(* Let $F$ be a vector subspace of $\mathcal B(S)$ satisfying conditions (i)–(vi) below, and assume (H1) below holds with constant $\alpha\in(0,1)$. Let $f\in\mathcal B(S^3)$ such that $Pf$ and $Pf^2$ exist and belong to $F$, and $(\mu,Pf)=0$. Then for all $\delta>0$, $r\in\mathbb N$, $n\ge1$: $$\mathbb P(|\overline M_{\mathbb G_r}(f)|>\delta)\le\begin{cases}\frac{c}{\delta^2}(1/2)^r & \alpha^2<1/2,\\ \frac{c}{\delta^2}r(1/2)^r & \alpha^2=1/2,\\ \frac{c}{\delta^2}\alpha^{2r} & \alpha^2>1/2,\end{cases}\qquad \mathbb P(|\overline M^\pi_n(f)|>\delta)\le\begin{cases}\frac{c}{\delta^2}(1/2)^{r_n+1} & \alpha^2<1/2,\\ \frac{c}{\delta^2}r_n(1/2)^{r_n+1} & \alpha^2=1/2,\\ \frac{c}{\delta^2}\alpha^{2(r_n+1)} & \alpha^2>1/2,\end{cases}$$ $$\mathbb P(|\overline M_{\mathbb T_r}(f)|>\delta)\le\begin{cases}\frac{c}{\delta^2}(1/2)^{r+1} & \alpha^2<1/2,\\ \frac{c}{\delta^2}r(1/2)^{r+1} & \alpha^2=1/2,\\ \frac{c}{\delta^2}\alpha^{2(r+1)} & \alpha^2>1/2,\end{cases}$$ where the positive constant $c$ depends on $f$ and $\alpha$ (and may differ between bounds).
   Context: Binary tree: $\mathbb T=\mathbb N^*$, vertex $n$ having daughters $2n,2n+1$; $\mathbb G_r=\{2^r,\dots,2^{r+1}-1\}$, $\mathbb T_r=\bigcup_{q=0}^r\mathbb G_q$, $r_n=\lfloor\log_2n\rfloor$. $(S,\mathcal S)$ is a metric space with Borel $\sigma$-field; $\mathcal B(S^p)$ is the set of measurable real functions on $S^p$. A $\mathbb T$-transition probability $P$ is a Markov kernel from $S$ to $S^2$; $P_0(x,B)=P(x,B\times S)$, $P_1(x,B)=P(x,S\times B)$, $Q=(P_0+P_1)/2$; $Pf(x)=\int f(x,y,z)P(x,dy\,dz)$; for $g,h\in\mathcal B(S)$, $(g\otimes h)(y,z)=g(y)h(z)$, $P(g\otimes h)(x)=\int g(y)h(z)P(x,dy\,dz)$. $(X_n)_{n\in\mathbb T}$ is a bifurcating Markov chain with initial law $\nu$ and $\mathbb T$-transition probability $P$: with $\mathcal F_r=\sigma(X_i,i\in\mathbb T_r)$, $\mathcal L(X_1)=\nu$ and for every $r$ and every family $(f_n)_{n\in\mathbb G_r}$ of bounded measurable functions on $S^3$, $\mathbb E[\prod_{n\in\mathbb G_r}f_n(X_n,X_{2n},X_{2n+1})\mid\mathcal F_r]=\prod_{n\in\mathbb G_r}Pf_n(X_n)$. $(Y_r)$ is a Markov chain on $S$ with transition $Q$. $\Delta_i=(X_i,X_{2i},X_{2i+1})$. $\pi$ is a random permutation of $\mathbb N^*$ leaving each $\mathbb G_r$ invariant, drawn uniformly among such permutations, independently of $X$. For $f\in\mathcal B(S^3)$: $\overline M_{\mathbb G_r}(f)=|\mathbb G_r|^{-1}\sum_{i\in\mathbb G_r}f(\Delta_i)$, $\overline M_{\mathbb T_r}(f)=|\mathbb T_r|^{-1}\sum_{i\in\mathbb T_r}f(\Delta_i)$, $\overline M^\pi_n(f)=n^{-1}\sum_{i=1}^nf(\Delta_{\pi(i)})$. $(\mu,g)=\int gd\mu$. Conditions on $F$: (i) $F$ contains constants; (ii) $g^2\in F$ for $g\in F$; (iii) for all $x$ and $g,h\in F$, $g\otimes h\in L^1(P(x,\cdot))$ and $P(g\otimes h)\in F$; (iv) there is a probability $\mu$ on $S$ with $F\subset L^1(\mu)$ and $\lim_r\mathbb E_x[g(Y_r)]=(\mu,g)$ for all $x$, $g\in F$ (with $Y_0=x$); (v) for every $g\in F$ there is $h\in F$ with $|Q^rg|\le h$ for all $r$; (vi) $F\subset L^1(\nu)$. (H1): there is $\alpha\in(0,1)$ such that for every $g\in F$ with $(\mu,g)=0$ there is $h\in F$ with $|Q^rg(x)|\le\alpha^rh(x)$ for all $r,x$. *)

theory Defs
  imports "HOL-Probability.Probability"
begin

++++++

The reply should consist of the records, reproduced exactly.

_Result of the exercise:_
(* Let $F$ be a vector subspace of $\mathcal B(S)$ satisfying conditions (i)–(vi) below, and assume (H1) below holds with constant $\alpha\in(0,1)$. Let $f\in\mathcal B(S^3)$ such that $Pf$ and $Pf^2$ exist and belong to $F$, and $(\mu,Pf)=0$. Then for all $\delta>0$, $r\in\mathbb N$, $n\ge1$: $$\mathbb P(|\overline M_{\mathbb G_r}(f)|>\delta)\le\begin{cases}\frac{c}{\delta^2}(1/2)^r & \alpha^2<1/2,\\ \frac{c}{\delta^2}r(1/2)^r & \alpha^2=1/2,\\ \frac{c}{\delta^2}\alpha^{2r} & \alpha^2>1/2,\end{cases}\qquad \mathbb P(|\overline M^\pi_n(f)|>\delta)\le\begin{cases}\frac{c}{\delta^2}(1/2)^{r_n+1} & \alpha^2<1/2,\\ \frac{c}{\delta^2}r_n(1/2)^{r_n+1} & \alpha^2=1/2,\\ \frac{c}{\delta^2}\alpha^{2(r_n+1)} & \alpha^2>1/2,\end{cases}$$ $$\mathbb P(|\overline M_{\mathbb T_r}(f)|>\delta)\le\begin{cases}\frac{c}{\delta^2}(1/2)^{r+1} & \alpha^2<1/2,\\ \frac{c}{\delta^2}r(1/2)^{r+1} & \alpha^2=1/2,\\ \frac{c}{\delta^2}\alpha^{2(r+1)} & \alpha^2>1/2,\end{cases}$$ where the positive constant $c$ depends on $f$ and $\alpha$ (and may differ between bounds).
   Context: Binary tree: $\mathbb T=\mathbb N^*$, vertex $n$ having daughters $2n,2n+1$; $\mathbb G_r=\{2^r,\dots,2^{r+1}-1\}$, $\mathbb T_r=\bigcup_{q=0}^r\mathbb G_q$, $r_n=\lfloor\log_2n\rfloor$. $(S,\mathcal S)$ is a metric space with Borel $\sigma$-field; $\mathcal B(S^p)$ is the set of measurable real functions on $S^p$. A $\mathbb T$-transition probability $P$ is a Markov kernel from $S$ to $S^2$; $P_0(x,B)=P(x,B\times S)$, $P_1(x,B)=P(x,S\times B)$, $Q=(P_0+P_1)/2$; $Pf(x)=\int f(x,y,z)P(x,dy\,dz)$; for $g,h\in\mathcal B(S)$, $(g\otimes h)(y,z)=g(y)h(z)$, $P(g\otimes h)(x)=\int g(y)h(z)P(x,dy\,dz)$. $(X_n)_{n\in\mathbb T}$ is a bifurcating Markov chain with initial law $\nu$ and $\mathbb T$-transition probability $P$: with $\mathcal F_r=\sigma(X_i,i\in\mathbb T_r)$, $\mathcal L(X_1)=\nu$ and for every $r$ and every family $(f_n)_{n\in\mathbb G_r}$ of bounded measurable functions on $S^3$, $\mathbb E[\prod_{n\in\mathbb G_r}f_n(X_n,X_{2n},X_{2n+1})\mid\mathcal F_r]=\prod_{n\in\mathbb G_r}Pf_n(X_n)$. $(Y_r)$ is a Markov chain on $S$ with transition $Q$. $\Delta_i=(X_i,X_{2i},X_{2i+1})$. $\pi$ is a random permutation of $\mathbb N^*$ leaving each $\mathbb G_r$ invariant, drawn uniformly among such permutations, independently of $X$. For $f\in\mathcal B(S^3)$: $\overline M_{\mathbb G_r}(f)=|\mathbb G_r|^{-1}\sum_{i\in\mathbb G_r}f(\Delta_i)$, $\overline M_{\mathbb T_r}(f)=|\mathbb T_r|^{-1}\sum_{i\in\mathbb T_r}f(\Delta_i)$, $\overline M^\pi_n(f)=n^{-1}\sum_{i=1}^nf(\Delta_{\pi(i)})$. $(\mu,g)=\int gd\mu$. Conditions on $F$: (i) $F$ contains constants; (ii) $g^2\in F$ for $g\in F$; (iii) for all $x$ and $g,h\in F$, $g\otimes h\in L^1(P(x,\cdot))$ and $P(g\otimes h)\in F$; (iv) there is a probability $\mu$ on $S$ with $F\subset L^1(\mu)$ and $\lim_r\mathbb E_x[g(Y_r)]=(\mu,g)$ for all $x$, $g\in F$ (with $Y_0=x$); (v) for every $g\in F$ there is $h\in F$ with $|Q^rg|\le h$ for all $r$; (vi) $F\subset L^1(\nu)$. (H1): there is $\alpha\in(0,1)$ such that for every $g\in F$ with $(\mu,g)=0$ there is $h\in F$ with $|Q^rg(x)|\le\alpha^rh(x)$ for all $r,x$. *)

theory Defs
  imports "HOL-Probability.Probability"
begin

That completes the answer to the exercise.